Early last year, with the two adult children from his first marriage well established in the world and the younger kids finishing high school and college, Angus and Mary were planning a second RV excursion. Then Snowe made her unexpected retirement announcement.
“I could tell you with total candor that I never contemplated running for the Senate,” King insists. “I never contemplated running for anything.” He’d resisted periodic entreaties to run against Snowe or her fellow Republican Susan Collins, now Maine’s senior senator, arguing that “we have two really good senators, and the only reason for me to run against them would be ego.”
But seats in the Senate don’t come open every day. It’s still a pretty good job, King reasoned, even if Washington is broken.

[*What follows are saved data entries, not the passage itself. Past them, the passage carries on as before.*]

(*
  Call t terminal if
  every successor of t is again a predecessor of t; the successors of a terminal point
  form a terminal strongly connected class, and every point reaches such a class.
  Choosing one representative in each terminal class gives a set Reps, and a set Y is
  regular iff it is the set of points all of whose reachable representatives lie in Y.
  Hence Y \<mapsto> Y \<inter> Reps is an order isomorphism from Reg(U,R) onto the power set of
  Reps, with inverse reg_of.  Consequently the height of a regular Y is |Y \<inter> Reps|,
  every subset of Reps is independent, and for regular X the independent set X \<inter> Reps
  attains the bound |I| = |I \<inter> X| \<le> h(X) valid for every independent I \<subseteq> X.
*)

section \<open>Chains of subsets of a finite set\<close>

text \<open>A chain of subsets of a finite set A has at most |A| + 1 members,
  because distinct members of a chain have distinct cardinalities.\<close>
lemma chain_card_le:
  assumes "finite A" "C \<subseteq> Pow A" "is_chain C"
  shows "card C \<le> card A + 1"
proof -
  have "inj_on card C"
  proof (rule inj_onI)
    fix B1 B2 assume B: "B1 \<in> C" "B2 \<in> C" "card B1 = card B2"
    have fin: "finite B1" "finite B2"
      using B(1,2) assms(1,2) finite_subset by blast+
    have "B1 \<subseteq> B2 \<or> B2 \<subseteq> B1"
      using assms(3) B(1,2) unfolding is_chain_def by blast
    then show "B1 = B2"
      using card_subset_eq fin B(3) by metis
  qed
  moreover have "card ` C \<subseteq> {0..card A}"
  proof
    fix n assume "n \<in> card ` C"
    then obtain B where "B \<in> C" "n = card B" by blast
    then show "n \<in> {0..card A}" using assms(2) card_mono[OF assms(1)] by auto
  qed
  then have "card (card ` C) \<le> card {0..card A}"
    by (intro card_mono) auto
  ultimately show ?thesis by (simp add: card_image)
qed

lemma chain_image:
  assumes "is_chain C" and mono: "\<And>A B. A \<subseteq> B \<Longrightarrow> f A \<subseteq> f B"
  shows "is_chain (f ` C)"
  unfolding is_chain_def
proof (intro ballI)
  fix A' B' assume "A' \<in> f ` C" "B' \<in> f ` C"
  then obtain A B where AB: "A \<in> C" "B \<in> C" "A' = f A" "B' = f B" by blast
  have "A \<subseteq> B \<or> B \<subseteq> A" using assms(1) AB(1,2) unfolding is_chain_def by blast
  then show "A' \<subseteq> B' \<or> B' \<subseteq> A'" using mono AB(3,4) by blast
qed

lemma chain_exists:
  assumes "finite A"
  shows "\<exists>C. C \<subseteq> Pow A \<and> is_chain C \<and> card C = card A + 1"
  using assms
proof (induction A rule: finite_induct)
  case empty
  show ?case by (rule exI[of _ "{{}}"]) (simp add: is_chain_def)
next
  case (insert a F)
  then obtain C where C: "C \<subseteq> Pow F" "is_chain C" "card C = card F + 1" by blast
  have "finite C" using C(1) insert(1) by (meson finite_Pow_iff finite_subset)
  moreover have "insert a F \<notin> C" using C(1) insert(2) by blast
  ultimately have "card (insert (insert a F) C) = card (insert a F) + 1"
    using C(3) insert(1,2) by simp
  moreover have "insert (insert a F) C \<subseteq> Pow (insert a F)" using C(1) by blast
  moreover have "is_chain (insert (insert a F) C)"
    using C(1,2) unfolding is_chain_def by blast
  ultimately show ?case by blast
qed

lemma Max_nat_attained:
  fixes S :: "nat set"
  assumes "\<And>n. n \<in> S \<Longrightarrow> n \<le> b" and "b \<in> S"
  shows "Max S = b"
proof -
  have "finite S"
    using assms(1) by (intro finite_subset[OF _ finite_atMost[of b]]) auto
  then show ?thesis
    by (rule Max_eqI) (use assms in auto)
qed

section \<open>Serial transitive relations on a finite set\<close>

locale serial_transitive =
  fixes U :: "'a set" and R :: "('a \<times> 'a) set"
  assumes finite_U: "finite U" and R_sub: "R \<subseteq> U \<times> U"
    and serial: "serial_on U R" and trans_R: "trans R"
begin

lemma R_trans: "(a, b) \<in> R \<Longrightarrow> (b, c) \<in> R \<Longrightarrow> (a, c) \<in> R"
  using trans_R by (meson transD)

lemma R_serial: "x \<in> U \<Longrightarrow> \<exists>y. (x, y) \<in> R"
  using serial unfolding serial_on_def by blast

lemma R_in_U: "(a, b) \<in> R \<Longrightarrow> a \<in> U \<and> b \<in> U"
  using R_sub by blast

lemma Reg_iff:
  "Y \<in> Reg U R \<longleftrightarrow> Y \<subseteq> U \<and> Y = {x \<in> U. \<forall>y. (x, y) \<in> R \<longrightarrow> (\<exists>z\<in>Y. (y, z) \<in> R)}"
proof -
  have "lower_approx U R (upper_approx U R Y) = {x \<in> U. \<forall>y. (x, y) \<in> R \<longrightarrow> (\<exists>z\<in>Y. (y, z) \<in> R)}"
    unfolding lower_approx_def upper_approx_def successors_def using R_in_U by blast
  then show ?thesis unfolding Reg_def by simp
qed

definition terminal :: "'a \<Rightarrow> bool" where
  "terminal t \<longleftrightarrow> t \<in> U \<and> (\<forall>z. (t, z) \<in> R \<longrightarrow> (z, t) \<in> R)"

text \<open>A chosen successor; for terminal t it depends only on the terminal class of t.\<close>
definition rep :: "'a \<Rightarrow> 'a" where
  "rep t = (SOME s. (t, s) \<in> R)"

text \<open>One representative for each terminal class.\<close>
definition Reps :: "'a set" where
  "Reps = rep ` {t. terminal t}"

lemma terminal_step: "terminal t \<Longrightarrow> (t, z) \<in> R \<Longrightarrow> terminal z \<and> (z, t) \<in> R"
  unfolding terminal_def using R_trans R_in_U by blast

text \<open>Every point reaches a terminal point: take a successor with the fewest successors;
  the successors of any of its successors are all of its own successors.\<close>
lemma reaches_terminal:
  assumes x: "x \<in> U"
  shows "\<exists>w. terminal w \<and> (x, w) \<in> R"
proof -
  obtain y0 where "(x, y0) \<in> R" using R_serial x by blast
  then obtain t where xt: "(x, t) \<in> R"
    and least: "\<And>y. (x, y) \<in> R \<Longrightarrow> card (successors R t) \<le> card (successors R y)"
    using ex_has_least_nat[of "\<lambda>y. (x, y) \<in> R" y0 "\<lambda>y. card (successors R y)"] by metis
  have "successors R y \<subseteq> U" for y
    using R_in_U unfolding successors_def by blast
  then have fin: "finite (successors R y)" for y
    using finite_U finite_subset by metis
  have same: "successors R y = successors R t" if ty: "(t, y) \<in> R" for y
  proof -
    have sub: "successors R y \<subseteq> successors R t"
      using R_trans[OF ty] unfolding successors_def by blast
    moreover have "card (successors R t) \<le> card (successors R y)"
      using least R_trans[OF xt ty] by blast
    ultimately show ?thesis by (rule card_seteq[OF fin])
  qed
  obtain w where tw: "(t, w) \<in> R" using R_serial R_in_U[OF xt] by blast
  have "terminal w"
    unfolding terminal_def
  proof (intro conjI allI impI)
    show "w \<in> U" using R_in_U[OF tw] by blast
    fix z assume "(w, z) \<in> R"
    then have "w \<in> successors R z"
      using same[OF R_trans[OF tw]] tw unfolding successors_def by blast
    then show "(z, w) \<in> R" unfolding successors_def by blast
  qed
  then show ?thesis using R_trans[OF xt tw] by blast
qed

lemma rep_succ: "terminal t \<Longrightarrow> (t, rep t) \<in> R"
  unfolding rep_def terminal_def using R_serial by (metis someI)

text \<open>Within a terminal class all points have the same successors, hence the same rep.\<close>
lemma rep_class: "terminal t \<Longrightarrow> (t, s) \<in> R \<Longrightarrow> rep s = rep t"
proof -
  assume ts: "terminal t" "(t, s) \<in> R"
  moreover have "(s, t) \<in> R" using terminal_step[OF ts] by blast
  ultimately have "(\<lambda>u. (s, u) \<in> R) = (\<lambda>u. (t, u) \<in> R)"
    using R_trans[of t s] R_trans[of s t] ts(2) by (intro ext) blast
  then show ?thesis unfolding rep_def by simp
qed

He long ago changed his Democratic Party registration and styled himself as a pro-business fiscal hawk with tolerant social views (though, unlike Snowe and Collins, he eagerly supported Obamacare). King concluded he was uniquely positioned to have a positive impact on the sausage-making. Reacting to Snowe’s grim diagnosis, “I thought, maybe this means we need to try something different, and then I thought, oh, my God! That’s me!” he says. “If I didn’t do it, there was nobody who was going to do it. I was really worried about where we are as a country.”
If King sometimes seems a little amazed at where he finds himself today, he is the only one. “Actually, I wasn’t surprised when he called to tell me several days after my announcement,” says former senator Snowe. “I thought he would run. My husband [former Maine governor Jock McKernan] and I have had dinner with Angus and Mary on different occasions. They remain friends. And he always retained a strong interest in politics and stayed current with the issues ... And given the fact that he’s an independent, he is committed to trying to change the Senate.”